After 8 months, I can tell you this: for me, Bullet Journaling has helped me reach goals that I wouldn’t have thought were possible a year ago. I have kept track of more, accomplished more, and felt less stressed about the whole experience.

The best advice I can give you is this: make an effort that you are willing to repeat, and be flexible. If it is too difficult to do week after week after week, you’ll quit. But if you’re prone to list-making anyway (like me), then list-make in a book. It’s not that big a stretch. And the payoff is incredible.

It may not work for you, but it’s been completely freaking amazing for me. Part of that is because I haven’t been a total arty perfectionist about it. I haven’t picked up the correction fluid even once the whole time I’ve been using my BuJo, and I don’t intend to do so.

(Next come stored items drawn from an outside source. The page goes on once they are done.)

(* Consider the uplink system described in the context, with $U$ users, user $u$ having $N_u$ transmit antennas, $L_u$ propagation paths, power budget $P_u>0$ and aperture $W_u>0$. Let $C^*$ denote the supremum of $$C(\mathbf Q_1,\dots,\mathbf Q_U,\mathbf w_1,\dots,\mathbf w_U)=\log\Big|\sum_{u=1}^U \mathbf G_u(\mathbf w_u)\mathbf Q_u\mathbf G_u^H(\mathbf w_u)+\mathbf I_M\Big|$$ over all $\mathbf Q_u\in\mathbb C^{N_u\times N_u}$ with $\mathbf Q_u\succeq \mathbf 0$, $\mathrm{tr}(\mathbf Q_u)\le P_u$, and all $\mathbf w_u=[w_{u,1},\dots,w_{u,N_u}]^T$ with $0\le w_{u,n}\le W_u$ and $w_{u,n}\neq w_{u,n'}$ for $n\ne n'$ ($u=1,\dots,U$). Then $C^*$ is upper bounded by the optimal value of the convex problem $$\max_{\tilde{\mathbf Q}_1,\dots,\tilde{\mathbf Q}_U}\ \log\Big|\sum_{u=1}^U M N_u \mathbf A_{u,\mathrm R}\boldsymbol\Gamma_u\tilde{\mathbf Q}_u\boldsymbol\Gamma_u^H\mathbf A_{u,\mathrm R}^H+\mathbf I_M\Big|\quad\text{s.t. } \tilde{\mathbf Q}_u\in\mathbb C^{L_u\times L_u},\ \tilde{\mathbf Q}_u\succeq\mathbf 0,\ \mathrm{tr}(\tilde{\mathbf Q}_u)\le L_uP_u,\ u=1,\dots,U.$$
   Context: A base station (BS) has an $M$-antenna uniform linear array with spacing $d=\lambda/2$ ($\lambda$ the wavelength). User $u\in\{1,\dots,U\}$ has $N_u$ antennas placed at positions $w_{u,1},\dots,w_{u,N_u}\in[0,W_u]$ on a line. There are $L_u$ propagation paths between user $u$ and the BS, with complex gains $\gamma_{u,1},\dots,\gamma_{u,L_u}$, angles of arrival $\beta_{u,l}\in[0,\pi]$ and angles of departure $\theta_{u,l}\in[0,\pi]$. Define $\mathbf a_{u,\mathrm R}(\beta)=\frac1{\sqrt M}[1,e^{-j\frac{2\pi}{\lambda}d\cos\beta},\dots,e^{-j\frac{2\pi}{\lambda}(M-1)d\cos\beta}]^T$ and $\mathbf a_{u,\mathrm T}(\theta,\mathbf w_u)=\frac1{\sqrt{N_u}}[e^{-j\frac{2\pi}{\lambda}w_{u,1}\cos\theta},\dots,e^{-j\frac{2\pi}{\lambda}w_{u,N_u}\cos\theta}]^T$. Let $\boldsymbol\Gamma_u=\mathrm{diag}(\gamma_{u,1},\dots,\gamma_{u,L_u})$, $\mathbf A_{u,\mathrm R}=[\mathbf a_{u,\mathrm R}(\beta_{u,1}),\dots,\mathbf a_{u,\mathrm R}(\beta_{u,L_u})]\in\mathbb C^{M\times L_u}$, $\mathbf A_{u,\mathrm T}(\mathbf w_u)=[\mathbf a_{u,\mathrm T}(\theta_{u,1},\mathbf w_u),\dots,\mathbf a_{u,\mathrm T}(\theta_{u,L_u},\mathbf w_u)]\in\mathbb C^{N_u\times L_u}$, and the channel matrix $\mathbf G_u(\mathbf w_u)=\sqrt{MN_u}\,\mathbf A_{u,\mathrm R}\boldsymbol\Gamma_u\mathbf A_{u,\mathrm T}^H(\mathbf w_u)\in\mathbb C^{M\times N_u}$. $|\cdot|$ denotes determinant. *)

theory Defs
  imports "HOL-Analysis.Analysis" "Jordan_Normal_Form.Matrix" "Jordan_Normal_Form.Determinant"
begin

definition mat_ct :: "complex mat \<Rightarrow> complex mat" where
  "mat_ct A = mat (dim_col A) (dim_row A) (\<lambda>(i,j). cnj (A $$ (j,i)))"

definition psd_mat :: "nat \<Rightarrow> complex mat \<Rightarrow> bool" where
  "psd_mat n A \<longleftrightarrow> A \<in> carrier_mat n n \<and> mat_ct A = A \<and>
     (\<forall>x \<in> carrier_vec n. 0 \<le> Re (\<Sum>i<n. \<Sum>j<n. cnj (x $ i) * A $$ (i,j) * x $ j))"

definition mtrace :: "complex mat \<Rightarrow> complex" where
  "mtrace A = (\<Sum>i<dim_row A. A $$ (i,i))"

fun msum :: "nat \<Rightarrow> (nat \<Rightarrow> complex mat) \<Rightarrow> nat \<Rightarrow> complex mat" where
  "msum n F 0 = 0\<^sub>m n n"
| "msum n F (Suc k) = msum n F k + F k"

definition A_R :: "real \<Rightarrow> real \<Rightarrow> nat \<Rightarrow> nat \<Rightarrow> (nat \<Rightarrow> real) \<Rightarrow> complex mat" where
  "A_R lam d M L beta = mat M L (\<lambda>(m,l).
      complex_of_real (1 / sqrt (real M)) *
      exp (- \<i> * complex_of_real (2 * pi / lam * real m * d * cos (beta l))))"

definition A_T :: "real \<Rightarrow> nat \<Rightarrow> nat \<Rightarrow> (nat \<Rightarrow> real) \<Rightarrow> (nat \<Rightarrow> real) \<Rightarrow> complex mat" where
  "A_T lam N L theta w = mat N L (\<lambda>(n,l).
      complex_of_real (1 / sqrt (real N)) *
      exp (- \<i> * complex_of_real (2 * pi / lam * w n * cos (theta l))))"

definition Gam :: "nat \<Rightarrow> (nat \<Rightarrow> complex) \<Rightarrow> complex mat" where
  "Gam L g = mat L L (\<lambda>(i,j). if i = j then g i else 0)"

definition chan :: "real \<Rightarrow> real \<Rightarrow> nat \<Rightarrow> nat \<Rightarrow> nat \<Rightarrow> (nat \<Rightarrow> complex) \<Rightarrow>
    (nat \<Rightarrow> real) \<Rightarrow> (nat \<Rightarrow> real) \<Rightarrow> (nat \<Rightarrow> real) \<Rightarrow> complex mat" where
  "chan lam d M N L g beta theta w =
     complex_of_real (sqrt (real M * real N)) \<cdot>\<^sub>m
       (A_R lam d M L beta * Gam L g * mat_ct (A_T lam N L theta w))"

definition logdet :: "complex mat \<Rightarrow> real" where
  "logdet X = ln (cmod (det X))"

end

theory Submission
  imports Defs
begin

(* For fixed antenna positions w_u the covariance Q_u reaches the receiver only through
   Qt_u = A_T^H Q_u A_T, since G_u Q_u G_u^H = M N_u A_R Gamma_u Qt_u Gamma_u^H A_R^H.
   Qt_u is again positive semidefinite, and each diagonal entry a^H Q_u a of Qt_u is at most
   tr(Q_u) |a|^2 = tr(Q_u), because the steering columns a of A_T have unit norm; hence
   tr(Qt_u) <= L_u P_u. So every feasible point of the original problem gives a feasible point
   of the relaxed problem with the same objective value. *)

lemma dim_mat_ct [simp]:
  "dim_row (mat_ct A) = dim_col A" "dim_col (mat_ct A) = dim_row A"
  by (simp_all add: mat_ct_def)

lemma index_mat_ct [simp]:
  "i < dim_col A \<Longrightarrow> j < dim_row A \<Longrightarrow> mat_ct A $$ (i, j) = cnj (A $$ (j, i))"
  by (simp add: mat_ct_def)

lemma mat_ct_carrier [simp]: "A \<in> carrier_mat n m \<Longrightarrow> mat_ct A \<in> carrier_mat m n"
  unfolding carrier_mat_def by simp

lemma mat_ct_mat_ct [simp]: "mat_ct (mat_ct A) = A"
  by (rule eq_matI) simp_all

lemma mat_ct_smult: "mat_ct (c \<cdot>\<^sub>m A) = cnj c \<cdot>\<^sub>m mat_ct A"
  by (rule eq_matI) simp_all

lemma mat_ct_mult:
  assumes "dim_col A = dim_row B"
  shows "mat_ct (A * B) = mat_ct B * mat_ct A"
proof (rule eq_matI)
  fix i j
  assume "i < dim_row (mat_ct B * mat_ct A)" "j < dim_col (mat_ct B * mat_ct A)"
  then have i: "i < dim_col B" and j: "j < dim_row A"
    by simp_all
  have "mat_ct (A * B) $$ (i, j) = (\<Sum>k<dim_row B. cnj (A $$ (j, k)) * cnj (B $$ (k, i)))"
    using i j assms by (simp add: scalar_prod_def atLeast0LessThan)
  also have "\<dots> = (mat_ct B * mat_ct A) $$ (i, j)"
    using i j assms by (simp add: scalar_prod_def atLeast0LessThan mult.commute)
  finally show "mat_ct (A * B) $$ (i, j) = (mat_ct B * mat_ct A) $$ (i, j)" .
qed simp_all

definition qform :: "nat \<Rightarrow> complex mat \<Rightarrow> (nat \<Rightarrow> complex) \<Rightarrow> complex" where
  "qform n A x = (\<Sum>i<n. \<Sum>j<n. cnj (x i) * A $$ (i, j) * x j)"

lemma qform_supported:
  assumes S: "S \<subseteq> {..<n}" and x: "\<And>k. k < n \<Longrightarrow> k \<notin> S \<Longrightarrow> x k = 0"
  shows "qform n A x = (\<Sum>i\<in>S. \<Sum>j\<in>S. cnj (x i) * A $$ (i, j) * x j)"
proof -
  have "qform n A x = (\<Sum>i<n. \<Sum>j\<in>S. cnj (x i) * A $$ (i, j) * x j)"
    unfolding qform_def using S x by (intro sum.cong refl sum.mono_neutral_right) auto
  also have "\<dots> = (\<Sum>i\<in>S. \<Sum>j\<in>S. cnj (x i) * A $$ (i, j) * x j)"
    using S x by (intro sum.mono_neutral_right) auto
  finally show ?thesis .
qed

lemma psd_mat_carrier: "psd_mat n A \<Longrightarrow> A \<in> carrier_mat n n"
  by (simp add: psd_mat_def)

lemma psd_mat_hermitian: "psd_mat n A \<Longrightarrow> mat_ct A = A"
  by (simp add: psd_mat_def)

lemma psd_mat_qform_nonneg:
  assumes "psd_mat n A"
  shows "0 \<le> Re (qform n A x)"
proof -
  have "qform n A x = qform n A (vec_index (vec n x))"
    unfolding qform_def by (intro sum.cong) auto
  moreover have "\<forall>v\<in>carrier_vec n. 0 \<le> Re (qform n A (vec_index v))"
    using assms by (simp add: psd_mat_def qform_def)
  ultimately show ?thesis
    using vec_carrier[of n x] by simp
qed

lemma psd_matI:
  assumes "A \<in> carrier_mat n n" "mat_ct A = A" "\<And>x. 0 \<le> Re (qform n A x)"
  shows "psd_mat n A"
  using assms unfolding psd_mat_def qform_def by blast

lemma psd_mat_entry_swap:
  assumes "psd_mat n A" "i < n" "j < n"
  shows "A $$ (j, i) = cnj (A $$ (i, j))"
proof -
  have "A \<in> carrier_mat n n" "mat_ct A = A"
    using assms(1) by (simp_all add: psd_mat_carrier psd_mat_hermitian)
  then show ?thesis
    using index_mat_ct[of j A i] assms(2,3) by simp
qed

lemma psd_mat_diag_real:
  assumes "psd_mat n A" "i < n"
  shows "of_real (Re (A $$ (i, i))) = A $$ (i, i)"
  using psd_mat_entry_swap[OF assms assms(2)] by (simp add: Reals_cnj_iff)

lemma psd_mat_diag_nonneg:
  assumes "psd_mat n A" "i < n"
  shows "0 \<le> Re (A $$ (i, i))"
proof -
  have "qform n A (\<lambda>k. if k = i then 1 else 0) = A $$ (i, i)"
    using assms(2) by (subst qform_supported[where S = "{i}"]) auto
  then show ?thesis
    using psd_mat_qform_nonneg[OF assms(1), of "\<lambda>k. if k = i then 1 else 0"] by simp
qed

lemma Re_mtrace: "A \<in> carrier_mat n n \<Longrightarrow> Re (mtrace A) = (\<Sum>i<n. Re (A $$ (i, i)))"
  by (simp add: mtrace_def)

lemma psd_mat_trace_nonneg:
  assumes "psd_mat n A"
  shows "0 \<le> Re (mtrace A)"
  unfolding Re_mtrace[OF psd_mat_carrier[OF assms]]
  using psd_mat_diag_nonneg[OF assms] by (auto intro: sum_nonneg)

lemma quadratic_nonneg_imp_le_mult:
  fixes a b C :: real
  assumes nonneg: "\<And>s. 0 \<le> a * s\<^sup>2 - 2 * s * C + b * C" and "a \<ge> 0" "b \<ge> 0" "C \<ge> 0"
  shows "C \<le> a * b"
proof (cases "a = 0")
  case True
  then have "0 \<le> - ((b + 2) * C)"
    using nonneg[of "b + 1"] by (simp add: algebra_simps)
  then show ?thesis
    using True assms(3,4) by (auto simp: mult_le_0_iff)
next
  case False
  with \<open>a \<ge> 0\<close> have "a > 0" by simp
  then have "0 \<le> C * (a * b - C)"
    using nonneg[of "C / a"] by (simp add: power2_eq_square field_simps)
  then show ?thesis
    using assms(2-4) by (cases "C = 0") (simp_all add: zero_le_mult_iff)
qed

This is me, and I’m not perfect. And I’m not sorry, either.

6 thoughts on “8 Months In: Bullet Journaling Review”

  1. Whoa. I’m exhausted just looking at it! I do enjoy lists though. You seem to be having fun with your bullet journaling. I’m definitely a doer and a maker, but this post and all of the works you crank out make me feel like a regular three-toed sloth!

  2. Thank you so much! I joined a BuJo group on facebook, and all the pretty and colours and decorations have made me feel stressed. Yours doesn’t make me feel stressed! It makes it seem doable.

    Thanks for the detailed instructions showing what it can do!

  3. I laughed with your opening paragraph because I was a teacher and later principal and in both roles my agendas were covered in “to do” lists, shopping lists, etc. I’ve tried many different types of planners and journals, but what you describe seems more doable for me. Thank you for this very realistic and detailed post.

  4. This looks like something that might work for my son. He’s an engineering student. I sent him the video link. Thanks for sharing!